To do: Which lines of the records contain "nondegenerate"? Collect every one of them.

Extracted records:

(* Let $\sigma$ be an involutive non-degenerate quiver-theoretic Yang--Baxter map on a nonempty quiver $\mathscr{A}$ over $\Lambda$, and let $E$ be the closure of (the image of) $\mathscr{A}$ under right-lcms in the structure category $\mathscr{C}(\sigma)$. Suppose there is a finite $n$ with $|\mathscr{A}(\lambda,\Lambda)|\le n$ for all $\lambda\in\Lambda$. Then every element of $E$ has length at most $n$. In particular $E\subsetneq\mathscr{C}(\sigma)$.
   Context: Write $\sigma(x,y)=(x\rightharpoonup y,x\leftharpoonup y)$. A quiver-theoretic Yang--Baxter map is a source/target-preserving map $\sigma$ on composable pairs satisfying the braid relation; involutive: $\sigma^2=\mathrm{id}$; non-degenerate: all $x\rightharpoonup\cdot\colon\mathscr{A}(\mathfrak{t}(x),\Lambda)\to\mathscr{A}(\mathfrak{s}(x),\Lambda)$ and $\cdot\leftharpoonup y\colon\mathscr{A}(\Lambda,\mathfrak{s}(y))\to\mathscr{A}(\Lambda,\mathfrak{t}(y))$ bijective. $\mathscr{A}(\lambda,\Lambda)$ is the set of arrows with source $\lambda$. $\mathscr{C}(\sigma)$ is the category presented by generators $\mathscr{A}$ and the length-preserving relations $x|y\sim(x\rightharpoonup y)|(x\leftharpoonup y)$, so the length of an element (length of any representing path) is well defined. *)

theory Defs
  imports Main
begin

text \<open>Paths are written left to right: x|y is composable iff tgt x = src y.
  A quiver-theoretic set-theoretic map sigma on composable pairs is a function
  sig :: 'a \<times> 'a \<Rightarrow> 'a \<times> 'a, with (x \<rightharpoonup> y) = fst (sig (x,y)) and
  (x \<leftharpoonup> y) = snd (sig (x,y)).\<close>

definition quiver :: "'a set \<Rightarrow> 'v set \<Rightarrow> ('a \<Rightarrow> 'v) \<Rightarrow> ('a \<Rightarrow> 'v) \<Rightarrow> bool" where
  "quiver A Lam src tgt \<longleftrightarrow> (\<forall>x\<in>A. src x \<in> Lam \<and> tgt x \<in> Lam)"

definition composable :: "'a set \<Rightarrow> ('a \<Rightarrow> 'v) \<Rightarrow> ('a \<Rightarrow> 'v) \<Rightarrow> 'a \<Rightarrow> 'a \<Rightarrow> bool" where
  "composable A src tgt x y \<longleftrightarrow> x \<in> A \<and> y \<in> A \<and> tgt x = src y"

text \<open>The arrows with source lam, i.e. A(lam, Lam).\<close>
definition out_arrows :: "'a set \<Rightarrow> ('a \<Rightarrow> 'v) \<Rightarrow> 'v \<Rightarrow> 'a set" where
  "out_arrows A src lam = {x\<in>A. src x = lam}"

definition in_arrows :: "'a set \<Rightarrow> ('a \<Rightarrow> 'v) \<Rightarrow> 'v \<Rightarrow> 'a set" where
  "in_arrows A tgt lam = {x\<in>A. tgt x = lam}"

text \<open>Braid relation on composable triples x|y|z:
  (sigma x id)(id x sigma)(sigma x id) = (id x sigma)(sigma x id)(id x sigma).\<close>
definition sig12 :: "('a \<times> 'a \<Rightarrow> 'a \<times> 'a) \<Rightarrow> 'a \<times> 'a \<times> 'a \<Rightarrow> 'a \<times> 'a \<times> 'a" where
  "sig12 sig = (\<lambda>(x,y,z). (fst (sig (x,y)), snd (sig (x,y)), z))"

definition sig23 :: "('a \<times> 'a \<Rightarrow> 'a \<times> 'a) \<Rightarrow> 'a \<times> 'a \<times> 'a \<Rightarrow> 'a \<times> 'a \<times> 'a" where
  "sig23 sig = (\<lambda>(x,y,z). (x, fst (sig (y,z)), snd (sig (y,z))))"

definition qYB_map ::
  "'a set \<Rightarrow> 'v set \<Rightarrow> ('a \<Rightarrow> 'v) \<Rightarrow> ('a \<Rightarrow> 'v) \<Rightarrow> ('a \<times> 'a \<Rightarrow> 'a \<times> 'a) \<Rightarrow> bool" where
  "qYB_map A Lam src tgt sig \<longleftrightarrow>
     quiver A Lam src tgt \<and>
     (\<forall>x y. composable A src tgt x y \<longrightarrow>
        composable A src tgt (fst (sig (x,y))) (snd (sig (x,y))) \<and>
        src (fst (sig (x,y))) = src x \<and> tgt (snd (sig (x,y))) = tgt y) \<and>
     (\<forall>x y z. composable A src tgt x y \<and> composable A src tgt y z \<longrightarrow>
        sig12 sig (sig23 sig (sig12 sig (x,y,z))) = sig23 sig (sig12 sig (sig23 sig (x,y,z))))"

definition involutive ::
  "'a set \<Rightarrow> ('a \<Rightarrow> 'v) \<Rightarrow> ('a \<Rightarrow> 'v) \<Rightarrow> ('a \<times> 'a \<Rightarrow> 'a \<times> 'a) \<Rightarrow> bool" where
  "involutive A src tgt sig \<longleftrightarrow>
     (\<forall>x y. composable A src tgt x y \<longrightarrow> sig (sig (x,y)) = (x,y))"

definition nondegenerate ::
  "'a set \<Rightarrow> ('a \<Rightarrow> 'v) \<Rightarrow> ('a \<Rightarrow> 'v) \<Rightarrow> ('a \<times> 'a \<Rightarrow> 'a \<times> 'a) \<Rightarrow> bool" where
  "nondegenerate A src tgt sig \<longleftrightarrow>
     (\<forall>x\<in>A. bij_betw (\<lambda>y. fst (sig (x,y))) (out_arrows A src (tgt x)) (out_arrows A src (src x))) \<and>
     (\<forall>y\<in>A. bij_betw (\<lambda>x. snd (sig (x,y))) (in_arrows A tgt (src y)) (in_arrows A tgt (tgt y)))"

text \<open>Paths: a path is a pair (lam, xs) of a starting vertex and a composable list of arrows
  starting at lam (the empty list gives the identity at lam).\<close>
fun is_path :: "'a set \<Rightarrow> 'v set \<Rightarrow> ('a \<Rightarrow> 'v) \<Rightarrow> ('a \<Rightarrow> 'v) \<Rightarrow> 'v \<Rightarrow> 'a list \<Rightarrow> bool" where
  "is_path A Lam src tgt lam [] \<longleftrightarrow> lam \<in> Lam"
| "is_path A Lam src tgt lam (x # xs) \<longleftrightarrow>
     x \<in> A \<and> src x = lam \<and> lam \<in> Lam \<and> is_path A Lam src tgt (tgt x) xs"

definition paths :: "'a set \<Rightarrow> 'v set \<Rightarrow> ('a \<Rightarrow> 'v) \<Rightarrow> ('a \<Rightarrow> 'v) \<Rightarrow> ('v \<times> 'a list) set" where
  "paths A Lam src tgt = {(lam, xs). is_path A Lam src tgt lam xs}"

definition ystep ::
  "'a set \<Rightarrow> 'v set \<Rightarrow> ('a \<Rightarrow> 'v) \<Rightarrow> ('a \<Rightarrow> 'v) \<Rightarrow> ('a \<times> 'a \<Rightarrow> 'a \<times> 'a) \<Rightarrow> (('v \<times> 'a list) \<times> ('v \<times> 'a list)) set" where
  "ystep A Lam src tgt sig =
     {((lam, u @ [x, y] @ v), (lam, u @ [fst (sig (x,y)), snd (sig (x,y))] @ v)) | lam u x y v.
        (lam, u @ [x, y] @ v) \<in> paths A Lam src tgt}"
lemma (in prob_space) std_binormal_tilted_moments:
  assumes mgf: "has_std_binormal_mgf M r X Y" and "-1 < r"
  defines "t \<equiv> 4 / (1 + r)"
  shows "(\<integral>\<omega>. exp ((- t) * X \<omega> + (- t) * Y \<omega>) \<partial>M) = exp (16 / (1 + r))"
    and "(\<integral>\<omega>. exp ((- 2 * t) * X \<omega> + (- 2 * t) * Y \<omega>) \<partial>M) = exp (64 / (1 + r))"
    and "(\<integral>\<omega>. exp ((3 - t) * X \<omega> + (- t) * Y \<omega>) \<partial>M) = exp (16 / (1 + r)) * exp (-15/2)"
    and "(\<integral>\<omega>. exp ((- t) * X \<omega> + (3 - t) * Y \<omega>) \<partial>M) = exp (16 / (1 + r)) * exp (-15/2)"
proof -
  define a where "a = 1 + r"
  have a0: "0 < a" using \<open>-1 < r\<close> unfolding a_def by simp
  have t2a: "t\<^sup>2 * a = 16 / a" and ta: "t * a = 4"
    unfolding t_def a_def[symmetric] using a0 by (simp_all add: power2_eq_square)
  have mgf_eq: "(\<integral>\<omega>. exp (u * X \<omega> + v * Y \<omega>) \<partial>M) = exp ((u\<^sup>2 + v\<^sup>2 + 2 * r * u * v) / 2)" for u v
    using mgf unfolding has_std_binormal_mgf_def by blast
  have "((- t)\<^sup>2 + (- t)\<^sup>2 + 2 * r * (- t) * (- t)) / 2 = t\<^sup>2 * a"
    "((- 2 * t)\<^sup>2 + (- 2 * t)\<^sup>2 + 2 * r * (- 2 * t) * (- 2 * t)) / 2 = 4 * (t\<^sup>2 * a)"
    "((3 - t)\<^sup>2 + (- t)\<^sup>2 + 2 * r * (3 - t) * (- t)) / 2 = t\<^sup>2 * a - 3 * (t * a) + 9/2"
    "((- t)\<^sup>2 + (3 - t)\<^sup>2 + 2 * r * (- t) * (3 - t)) / 2 = t\<^sup>2 * a - 3 * (t * a) + 9/2"
    unfolding a_def by (simp_all add: power2_eq_square field_simps)
  then show "(\<integral>\<omega>. exp ((- t) * X \<omega> + (- t) * Y \<omega>) \<partial>M) = exp (16 / (1 + r))"
    and "(\<integral>\<omega>. exp ((- 2 * t) * X \<omega> + (- 2 * t) * Y \<omega>) \<partial>M) = exp (64 / (1 + r))"
    and "(\<integral>\<omega>. exp ((3 - t) * X \<omega> + (- t) * Y \<omega>) \<partial>M) = exp (16 / (1 + r)) * exp (-15/2)"
    and "(\<integral>\<omega>. exp ((- t) * X \<omega> + (3 - t) * Y \<omega>) \<partial>M) = exp (16 / (1 + r)) * exp (-15/2)"
    unfolding mgf_eq t2a ta a_def[symmetric] by (simp_all add: exp_add[symmetric])
qed

text \<open>
  Tilting by \<open>exp (-t (X + Y))\<close> with \<open>t = 4/(1+r)\<close> moves both means to \<open>-4\<close>; integrating the
  cover inequality shows that the quadrant carries at least half of the tilted mass.
\<close>
lemma (in prob_space) std_binormal_quadrant_lower:
  assumes [measurable]: "X \<in> borel_measurable M" "Y \<in> borel_measurable M"
    and mgf: "has_std_binormal_mgf M r X Y" and "-1 < r"
  shows "exp (-32 / (1 + r)) / 8 \<le> prob {\<omega>\<in>space M. X \<omega> < -1 \<and> Y \<omega> < -1}"
proof -
  define t where "t = 4 / (1 + r)"
  define Q where "Q = {\<omega>\<in>space M. X \<omega> < -1 \<and> Y \<omega> < -1}"
  define Z where "Z = (\<lambda>u v \<omega>. exp (u * X \<omega> + v * Y \<omega>))"
  define m where "m = exp (16 / (1 + r))"
  define K where "K = 4 * exp (64 / (1 + r)) / m"
  have K0: "0 < K" unfolding K_def m_def by simp
  have Q[measurable]: "Q \<in> sets M" unfolding Q_def by measurable
  have intQ: "integrable M (indicator Q :: 'a \<Rightarrow> real)"
    by (intro integrable_real_indicator Q) (simp add: less_top[symmetric])
  have intZ: "integrable M (Z u v)" for u v
    using mgf unfolding has_std_binormal_mgf_def Z_def by blast
  have moments: "integral\<^sup>L M (Z (-t) (-t)) = m" "integral\<^sup>L M (Z (-2*t) (-2*t)) = exp (64 / (1 + r))"
    "integral\<^sup>L M (Z (3-t) (-t)) = m * exp (-15/2)" "integral\<^sup>L M (Z (-t) (3-t)) = m * exp (-15/2)"
    using std_binormal_tilted_moments[OF mgf \<open>-1 < r\<close>] unfolding Z_def t_def m_def by simp_all
  have cover: "Z (-t) (-t) \<omega> \<le> K * indicator Q \<omega> + Z (-2*t) (-2*t) \<omega> / K
      + exp 3 * Z (3-t) (-t) \<omega> + exp 3 * Z (-t) (3-t) \<omega>" if "\<omega> \<in> space M" for \<omega>
  proof -
    have "Z (-2*t) (-2*t) \<omega> = (Z (-t) (-t) \<omega>)\<^sup>2"
      "exp 3 * Z (3-t) (-t) \<omega> = Z (-t) (-t) \<omega> * exp (3 * (X \<omega> + 1))"
      "exp 3 * Z (-t) (3-t) \<omega> = Z (-t) (-t) \<omega> * exp (3 * (Y \<omega> + 1))"
      "(indicator Q \<omega> :: real) = of_bool (X \<omega> < -1 \<and> Y \<omega> < -1)"
      using that unfolding Z_def Q_def
      by (simp_all add: exp_add[symmetric] power2_eq_square algebra_simps)
    moreover have "0 < Z (-t) (-t) \<omega>" unfolding Z_def by simp
    ultimately show ?thesis
      using le_quadrant_cover[OF _ K0, of "Z (-t) (-t) \<omega>" "X \<omega>" "Y \<omega>"] by (simp only:)
  qed
  have "m \<le> (\<integral>\<omega>. K * indicator Q \<omega> + Z (-2*t) (-2*t) \<omega> / K
      + exp 3 * Z (3-t) (-t) \<omega> + exp 3 * Z (-t) (3-t) \<omega> \<partial>M)"
    unfolding moments(1)[symmetric] using cover intZ intQ
    by (intro integral_mono Bochner_Integration.integrable_add integrable_mult_right integrable_divide) auto
  also have "\<dots> = K * prob Q + exp (64 / (1 + r)) / K + 2 * (exp 3 * (m * exp (-15/2)))"
    using intZ intQ moments by simp
  also have "exp 3 * (m * exp (-15/2)) = m * exp (-9/2)"
    by (simp add: mult.left_commute exp_add[symmetric])
  also have "exp (64 / (1 + r)) / K = m / 4"
    unfolding K_def m_def by simp
  finally have "m \<le> K * prob Q + m / 4 + 2 * (m * exp (-9/2))" .
  moreover have "m * exp (-9/2) \<le> m / 8"
    using exp_neg_nine_halves_le mult_left_mono[of _ _ m] unfolding m_def by fastforce
  ultimately have "m / (2 * K) \<le> prob Q"
    using K0 by (simp add: field_simps)
  moreover have "m / (2 * K) = exp (-32 / (1 + r)) / 8"
  proof -
    have "exp (16 / (1 + r)) * exp (16 / (1 + r)) = exp (-32 / (1 + r)) * exp (64 / (1 + r))"
      by (simp flip: exp_add)
    then show ?thesis unfolding K_def m_def by (simp add: field_simps)
  qed
  ultimately show ?thesis unfolding Q_def by simp
qed

lemma sets_vimage_algebra_compose_subset:
  assumes X: "X \<in> S \<rightarrow> space N" and f: "f \<in> measurable N L"
  shows "sets (vimage_algebra S (\<lambda>\<omega>. f (X \<omega>)) L) \<subseteq> sets (vimage_algebra S X N)"
proof
  fix E assume "E \<in> sets (vimage_algebra S (\<lambda>\<omega>. f (X \<omega>)) L)"
  moreover have "(\<lambda>\<omega>. f (X \<omega>)) \<in> S \<rightarrow> space L"
    using X measurable_space[OF f] by auto
  ultimately obtain A where A: "A \<in> sets L" "E = (\<lambda>\<omega>. f (X \<omega>)) -` A \<inter> S"
    by (auto simp: sets_vimage_algebra2)
  then have "E = X -` (f -` A \<inter> space N) \<inter> S"
    using X by auto
  then show "E \<in> sets (vimage_algebra S X N)"
    using in_vimage_algebra[OF measurable_sets[OF f A(1)], of X S] by simp
qed

lemma (in prob_space) indep_var_of_indep_set_vimage:
  assumes indep: "indep_set (sets (vimage_algebra (space M) X N)) (sets (vimage_algebra (space M) Y K))"
    and X: "random_variable N X" and Y: "random_variable K Y"
    and f: "f \<in> measurable N L" and g: "g \<in> measurable K L"
  shows "indep_var L (\<lambda>\<omega>. f (X \<omega>)) L (\<lambda>\<omega>. g (Y \<omega>))"
proof -
  have sub: "sets (vimage_algebra (space M) (\<lambda>\<omega>. f (X \<omega>)) L) \<subseteq> sets (vimage_algebra (space M) X N)"
    "sets (vimage_algebra (space M) (\<lambda>\<omega>. g (Y \<omega>)) L) \<subseteq> sets (vimage_algebra (space M) Y K)"
    using sets_vimage_algebra_compose_subset[OF _ f, of X] sets_vimage_algebra_compose_subset[OF _ g, of Y]
      measurable_space[OF X] measurable_space[OF Y] by auto
  have "indep_set (sets (vimage_algebra (space M) (\<lambda>\<omega>. f (X \<omega>)) L))
      (sets (vimage_algebra (space M) (\<lambda>\<omega>. g (Y \<omega>)) L))"
    unfolding indep_set_def
    by (rule indep_sets_mono_sets[OF indep[unfolded indep_set_def]]) (use sub in \<open>auto split: bool.split\<close>)
  then show ?thesis
    using measurable_compose[OF X f] measurable_compose[OF Y g]
    by (simp add: indep_var_eq sets_vimage_algebra)
qed

lemma (in prob_space) indep_set_vimage_prob_conj:
  assumes indep: "indep_set (sets (vimage_algebra (space M) X N)) (sets (vimage_algebra (space M) Y K))"
    and "{x \<in> space N. P x} \<in> sets N" and "{y \<in> space K. Q y} \<in> sets K"
    and X: "X \<in> space M \<rightarrow> space N" and Y: "Y \<in> space M \<rightarrow> space K"
  shows "prob {\<omega> \<in> space M. P (X \<omega>) \<and> Q (Y \<omega>)}
    = prob {\<omega> \<in> space M. P (X \<omega>)} * prob {\<omega> \<in> space M. Q (Y \<omega>)}"
proof -
  have "{\<omega> \<in> space M. P (X \<omega>)} = X -` {x \<in> space N. P x} \<inter> space M"
    "{\<omega> \<in> space M. Q (Y \<omega>)} = Y -` {y \<in> space K. Q y} \<inter> space M"
    using X Y by auto
  then have "{\<omega> \<in> space M. P (X \<omega>)} \<in> sets (vimage_algebra (space M) X N)"
    "{\<omega> \<in> space M. Q (Y \<omega>)} \<in> sets (vimage_algebra (space M) Y K)"
    using in_vimage_algebra[OF assms(2), of X "space M"] in_vimage_algebra[OF assms(3), of Y "space M"]
    by simp_all
  moreover have "{\<omega> \<in> space M. P (X \<omega>) \<and> Q (Y \<omega>)}
      = {\<omega> \<in> space M. P (X \<omega>)} \<inter> {\<omega> \<in> space M. Q (Y \<omega>)}"
    by auto
  ultimately show ?thesis using indep_setD[OF indep] by simp
qed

Output:
definition nondegenerate ::
  "nondegenerate A src tgt sig \<longleftrightarrow>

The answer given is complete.